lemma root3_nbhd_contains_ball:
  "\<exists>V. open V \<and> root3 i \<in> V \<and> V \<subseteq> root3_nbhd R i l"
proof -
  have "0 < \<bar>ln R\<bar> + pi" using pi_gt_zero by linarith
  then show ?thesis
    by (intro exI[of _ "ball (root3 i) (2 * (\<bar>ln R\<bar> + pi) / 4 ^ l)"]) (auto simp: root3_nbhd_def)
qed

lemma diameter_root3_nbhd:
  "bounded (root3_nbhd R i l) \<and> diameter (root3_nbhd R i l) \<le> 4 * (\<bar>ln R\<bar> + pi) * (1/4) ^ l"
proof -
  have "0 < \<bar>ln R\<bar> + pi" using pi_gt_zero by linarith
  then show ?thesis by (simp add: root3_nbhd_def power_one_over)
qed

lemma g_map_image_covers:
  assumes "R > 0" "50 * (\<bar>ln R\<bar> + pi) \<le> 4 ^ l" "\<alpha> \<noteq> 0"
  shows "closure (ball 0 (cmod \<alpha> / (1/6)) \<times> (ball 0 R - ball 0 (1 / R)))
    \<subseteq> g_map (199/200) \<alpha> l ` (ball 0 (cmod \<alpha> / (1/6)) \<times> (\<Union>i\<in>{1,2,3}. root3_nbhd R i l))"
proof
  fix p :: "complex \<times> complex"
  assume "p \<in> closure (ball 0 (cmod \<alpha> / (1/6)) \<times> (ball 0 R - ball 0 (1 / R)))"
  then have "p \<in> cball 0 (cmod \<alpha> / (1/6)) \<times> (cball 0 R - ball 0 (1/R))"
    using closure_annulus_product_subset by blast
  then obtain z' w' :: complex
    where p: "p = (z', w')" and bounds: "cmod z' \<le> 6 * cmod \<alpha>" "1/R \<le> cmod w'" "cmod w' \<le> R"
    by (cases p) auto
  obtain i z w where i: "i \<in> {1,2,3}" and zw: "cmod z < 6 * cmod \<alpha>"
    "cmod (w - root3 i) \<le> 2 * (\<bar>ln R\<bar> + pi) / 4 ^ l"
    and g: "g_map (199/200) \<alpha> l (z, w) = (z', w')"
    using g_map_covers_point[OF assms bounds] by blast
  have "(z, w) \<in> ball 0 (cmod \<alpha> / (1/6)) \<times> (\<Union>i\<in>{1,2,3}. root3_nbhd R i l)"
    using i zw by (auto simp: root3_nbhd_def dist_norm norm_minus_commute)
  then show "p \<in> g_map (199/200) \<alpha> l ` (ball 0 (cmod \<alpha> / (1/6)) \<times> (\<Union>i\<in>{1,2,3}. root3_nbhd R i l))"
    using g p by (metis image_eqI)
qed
━━━━━━━━━━━━━━━━━━━━━━━━━━━━━━
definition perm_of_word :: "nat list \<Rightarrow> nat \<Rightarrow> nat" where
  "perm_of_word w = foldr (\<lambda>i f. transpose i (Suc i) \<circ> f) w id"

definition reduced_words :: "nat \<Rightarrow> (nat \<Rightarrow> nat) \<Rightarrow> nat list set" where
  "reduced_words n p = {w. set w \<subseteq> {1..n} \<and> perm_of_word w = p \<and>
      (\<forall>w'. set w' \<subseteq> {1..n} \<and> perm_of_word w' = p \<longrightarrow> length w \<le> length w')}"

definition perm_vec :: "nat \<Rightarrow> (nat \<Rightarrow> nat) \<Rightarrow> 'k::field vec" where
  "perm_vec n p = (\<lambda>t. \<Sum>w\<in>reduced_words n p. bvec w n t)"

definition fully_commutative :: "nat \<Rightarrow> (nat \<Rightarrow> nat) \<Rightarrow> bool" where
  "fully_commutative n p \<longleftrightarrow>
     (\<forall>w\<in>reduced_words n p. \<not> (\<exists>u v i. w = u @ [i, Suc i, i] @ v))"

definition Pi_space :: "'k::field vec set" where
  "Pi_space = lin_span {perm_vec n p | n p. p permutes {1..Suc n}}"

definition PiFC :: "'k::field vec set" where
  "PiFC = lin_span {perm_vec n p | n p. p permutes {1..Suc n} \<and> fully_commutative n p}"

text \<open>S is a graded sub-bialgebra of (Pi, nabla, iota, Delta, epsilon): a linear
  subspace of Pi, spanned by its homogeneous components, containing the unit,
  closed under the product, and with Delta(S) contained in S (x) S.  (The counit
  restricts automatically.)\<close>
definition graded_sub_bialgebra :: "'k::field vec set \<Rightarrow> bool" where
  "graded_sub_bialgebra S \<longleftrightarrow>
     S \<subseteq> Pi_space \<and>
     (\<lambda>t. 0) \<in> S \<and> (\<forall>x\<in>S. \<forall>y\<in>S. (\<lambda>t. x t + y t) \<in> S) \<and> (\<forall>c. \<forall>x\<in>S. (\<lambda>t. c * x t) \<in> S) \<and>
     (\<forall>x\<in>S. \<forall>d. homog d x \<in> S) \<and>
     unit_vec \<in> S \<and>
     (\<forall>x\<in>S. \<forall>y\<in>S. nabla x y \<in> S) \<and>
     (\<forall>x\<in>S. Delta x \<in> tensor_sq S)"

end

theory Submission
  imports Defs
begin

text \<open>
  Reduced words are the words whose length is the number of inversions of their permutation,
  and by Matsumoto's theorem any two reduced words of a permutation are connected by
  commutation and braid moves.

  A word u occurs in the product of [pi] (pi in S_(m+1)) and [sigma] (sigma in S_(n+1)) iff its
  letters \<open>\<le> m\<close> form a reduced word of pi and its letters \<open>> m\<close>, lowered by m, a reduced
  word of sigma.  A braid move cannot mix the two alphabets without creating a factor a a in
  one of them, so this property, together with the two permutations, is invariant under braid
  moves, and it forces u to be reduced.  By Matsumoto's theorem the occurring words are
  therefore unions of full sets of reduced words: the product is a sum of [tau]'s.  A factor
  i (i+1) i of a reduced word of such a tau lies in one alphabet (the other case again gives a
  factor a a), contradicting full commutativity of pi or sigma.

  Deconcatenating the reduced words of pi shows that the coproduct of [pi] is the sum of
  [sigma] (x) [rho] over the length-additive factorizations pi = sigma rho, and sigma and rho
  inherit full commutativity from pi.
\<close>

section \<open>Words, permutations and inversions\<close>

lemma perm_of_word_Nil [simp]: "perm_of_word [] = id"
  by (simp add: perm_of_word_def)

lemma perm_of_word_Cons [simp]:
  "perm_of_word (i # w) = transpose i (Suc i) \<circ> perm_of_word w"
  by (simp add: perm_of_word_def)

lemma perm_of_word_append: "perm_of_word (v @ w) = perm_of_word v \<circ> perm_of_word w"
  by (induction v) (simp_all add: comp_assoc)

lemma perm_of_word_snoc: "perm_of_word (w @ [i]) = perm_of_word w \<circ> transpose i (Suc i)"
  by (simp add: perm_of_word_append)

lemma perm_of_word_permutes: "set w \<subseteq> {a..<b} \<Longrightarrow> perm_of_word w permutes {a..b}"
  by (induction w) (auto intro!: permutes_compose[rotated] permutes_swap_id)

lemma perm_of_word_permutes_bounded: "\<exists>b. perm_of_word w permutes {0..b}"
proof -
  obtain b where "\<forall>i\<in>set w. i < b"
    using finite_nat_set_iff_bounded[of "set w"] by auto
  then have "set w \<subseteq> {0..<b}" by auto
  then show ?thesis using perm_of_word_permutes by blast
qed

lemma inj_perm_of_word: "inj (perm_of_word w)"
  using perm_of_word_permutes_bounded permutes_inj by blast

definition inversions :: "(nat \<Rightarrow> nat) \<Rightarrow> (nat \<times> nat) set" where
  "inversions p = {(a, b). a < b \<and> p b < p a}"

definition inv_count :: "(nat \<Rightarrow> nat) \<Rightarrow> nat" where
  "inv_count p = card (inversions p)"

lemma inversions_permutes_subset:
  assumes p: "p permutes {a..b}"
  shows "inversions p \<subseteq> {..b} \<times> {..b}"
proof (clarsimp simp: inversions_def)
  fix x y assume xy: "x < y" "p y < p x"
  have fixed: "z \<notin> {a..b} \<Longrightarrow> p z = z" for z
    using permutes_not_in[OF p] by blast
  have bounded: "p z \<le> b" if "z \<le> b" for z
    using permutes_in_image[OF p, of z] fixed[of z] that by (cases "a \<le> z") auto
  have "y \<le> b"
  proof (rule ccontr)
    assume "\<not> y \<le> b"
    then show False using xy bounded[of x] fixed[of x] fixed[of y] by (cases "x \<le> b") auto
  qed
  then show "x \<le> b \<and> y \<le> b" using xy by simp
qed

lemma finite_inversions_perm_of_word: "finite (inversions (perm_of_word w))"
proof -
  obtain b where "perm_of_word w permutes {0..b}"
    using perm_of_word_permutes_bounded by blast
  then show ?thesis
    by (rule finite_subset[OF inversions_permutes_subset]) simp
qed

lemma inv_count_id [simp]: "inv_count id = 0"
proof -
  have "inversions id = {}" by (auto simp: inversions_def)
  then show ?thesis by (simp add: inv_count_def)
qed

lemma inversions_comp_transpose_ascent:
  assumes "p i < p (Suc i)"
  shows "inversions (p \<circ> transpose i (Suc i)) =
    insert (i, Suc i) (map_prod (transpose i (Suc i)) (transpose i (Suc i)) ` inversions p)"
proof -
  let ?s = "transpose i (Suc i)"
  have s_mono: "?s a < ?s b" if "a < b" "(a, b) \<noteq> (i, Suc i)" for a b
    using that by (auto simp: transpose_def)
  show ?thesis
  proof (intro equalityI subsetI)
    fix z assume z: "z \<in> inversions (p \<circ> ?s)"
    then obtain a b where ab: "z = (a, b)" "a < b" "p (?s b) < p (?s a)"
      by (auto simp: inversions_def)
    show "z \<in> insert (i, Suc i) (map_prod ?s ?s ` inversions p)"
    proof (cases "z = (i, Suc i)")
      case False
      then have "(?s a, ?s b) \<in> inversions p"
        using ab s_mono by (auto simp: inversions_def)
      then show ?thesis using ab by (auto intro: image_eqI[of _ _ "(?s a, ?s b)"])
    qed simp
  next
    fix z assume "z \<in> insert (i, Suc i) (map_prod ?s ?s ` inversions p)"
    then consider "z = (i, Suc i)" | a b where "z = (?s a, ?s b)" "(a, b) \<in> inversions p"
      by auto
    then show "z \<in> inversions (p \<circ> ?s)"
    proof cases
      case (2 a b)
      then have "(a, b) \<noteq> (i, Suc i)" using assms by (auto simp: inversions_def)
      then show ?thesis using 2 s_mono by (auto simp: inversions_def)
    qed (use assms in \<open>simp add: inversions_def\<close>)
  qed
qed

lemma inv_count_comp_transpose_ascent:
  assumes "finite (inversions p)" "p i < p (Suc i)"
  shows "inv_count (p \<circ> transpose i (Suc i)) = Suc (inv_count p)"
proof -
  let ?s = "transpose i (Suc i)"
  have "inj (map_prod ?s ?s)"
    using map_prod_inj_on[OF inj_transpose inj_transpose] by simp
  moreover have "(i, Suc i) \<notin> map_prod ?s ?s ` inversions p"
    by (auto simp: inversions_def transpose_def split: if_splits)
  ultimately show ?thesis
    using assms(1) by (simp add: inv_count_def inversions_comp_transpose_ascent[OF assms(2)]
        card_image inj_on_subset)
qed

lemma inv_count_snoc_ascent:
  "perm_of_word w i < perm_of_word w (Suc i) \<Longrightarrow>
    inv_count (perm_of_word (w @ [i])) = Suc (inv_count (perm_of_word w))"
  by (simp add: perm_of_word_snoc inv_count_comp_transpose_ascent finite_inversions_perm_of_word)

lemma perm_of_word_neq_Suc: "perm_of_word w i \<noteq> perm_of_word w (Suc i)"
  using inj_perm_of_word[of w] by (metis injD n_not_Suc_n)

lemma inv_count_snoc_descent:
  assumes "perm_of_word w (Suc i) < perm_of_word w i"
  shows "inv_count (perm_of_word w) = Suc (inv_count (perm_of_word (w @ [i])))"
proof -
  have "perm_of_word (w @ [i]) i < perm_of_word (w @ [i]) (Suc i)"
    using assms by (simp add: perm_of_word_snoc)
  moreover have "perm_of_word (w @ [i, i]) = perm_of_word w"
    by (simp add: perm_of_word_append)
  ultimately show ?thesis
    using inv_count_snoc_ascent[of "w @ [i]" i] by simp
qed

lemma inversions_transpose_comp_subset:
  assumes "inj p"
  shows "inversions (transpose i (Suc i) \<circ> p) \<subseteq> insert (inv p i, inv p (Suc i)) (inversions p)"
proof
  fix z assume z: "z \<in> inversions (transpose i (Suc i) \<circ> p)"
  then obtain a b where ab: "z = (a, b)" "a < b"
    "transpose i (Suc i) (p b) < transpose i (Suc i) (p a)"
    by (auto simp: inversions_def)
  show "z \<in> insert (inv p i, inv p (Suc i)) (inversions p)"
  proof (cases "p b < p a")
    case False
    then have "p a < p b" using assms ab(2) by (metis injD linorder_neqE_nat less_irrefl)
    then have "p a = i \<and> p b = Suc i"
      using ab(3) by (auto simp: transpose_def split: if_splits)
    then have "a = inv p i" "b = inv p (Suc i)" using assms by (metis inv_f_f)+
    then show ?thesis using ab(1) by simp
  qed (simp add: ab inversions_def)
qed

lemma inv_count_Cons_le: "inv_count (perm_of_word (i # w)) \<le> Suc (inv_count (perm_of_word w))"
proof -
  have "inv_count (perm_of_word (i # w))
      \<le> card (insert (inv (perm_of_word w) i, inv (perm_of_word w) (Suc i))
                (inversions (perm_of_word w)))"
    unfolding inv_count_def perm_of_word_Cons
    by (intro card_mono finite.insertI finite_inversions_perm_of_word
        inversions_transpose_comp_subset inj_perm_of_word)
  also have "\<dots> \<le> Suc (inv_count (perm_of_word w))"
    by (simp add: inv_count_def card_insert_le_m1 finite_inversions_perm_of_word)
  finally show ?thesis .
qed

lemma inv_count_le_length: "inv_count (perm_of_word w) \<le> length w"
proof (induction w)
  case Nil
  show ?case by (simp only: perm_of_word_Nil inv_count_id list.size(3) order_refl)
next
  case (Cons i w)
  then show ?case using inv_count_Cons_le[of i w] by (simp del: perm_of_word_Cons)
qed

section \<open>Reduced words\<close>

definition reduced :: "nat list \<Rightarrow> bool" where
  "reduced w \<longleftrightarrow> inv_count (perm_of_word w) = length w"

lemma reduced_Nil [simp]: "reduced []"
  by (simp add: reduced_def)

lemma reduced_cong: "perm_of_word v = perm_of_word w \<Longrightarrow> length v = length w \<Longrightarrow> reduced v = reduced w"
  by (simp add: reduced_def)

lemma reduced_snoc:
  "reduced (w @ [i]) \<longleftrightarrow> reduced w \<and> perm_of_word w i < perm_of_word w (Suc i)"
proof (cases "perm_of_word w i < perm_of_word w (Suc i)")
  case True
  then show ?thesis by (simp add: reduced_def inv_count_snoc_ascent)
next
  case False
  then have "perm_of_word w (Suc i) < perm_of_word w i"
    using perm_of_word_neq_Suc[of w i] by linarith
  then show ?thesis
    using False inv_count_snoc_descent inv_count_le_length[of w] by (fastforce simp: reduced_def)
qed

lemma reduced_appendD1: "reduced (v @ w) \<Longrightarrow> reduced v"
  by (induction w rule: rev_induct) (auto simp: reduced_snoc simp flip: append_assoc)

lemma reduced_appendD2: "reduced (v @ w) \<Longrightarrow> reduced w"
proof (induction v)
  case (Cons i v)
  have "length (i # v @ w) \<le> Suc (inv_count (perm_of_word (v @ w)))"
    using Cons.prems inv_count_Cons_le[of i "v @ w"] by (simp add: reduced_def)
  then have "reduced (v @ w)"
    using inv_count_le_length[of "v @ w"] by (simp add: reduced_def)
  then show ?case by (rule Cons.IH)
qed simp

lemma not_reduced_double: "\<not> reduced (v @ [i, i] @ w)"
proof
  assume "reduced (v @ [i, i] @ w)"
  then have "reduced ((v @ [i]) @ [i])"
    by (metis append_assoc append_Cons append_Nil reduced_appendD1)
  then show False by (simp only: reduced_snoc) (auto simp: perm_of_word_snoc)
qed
━━━━━━━━━━━━━━━━━━━━━━━━━━━━━━
**What is needed**
Some lines in the records above contain "that". Count them and give the number only.

**Output of the task**
3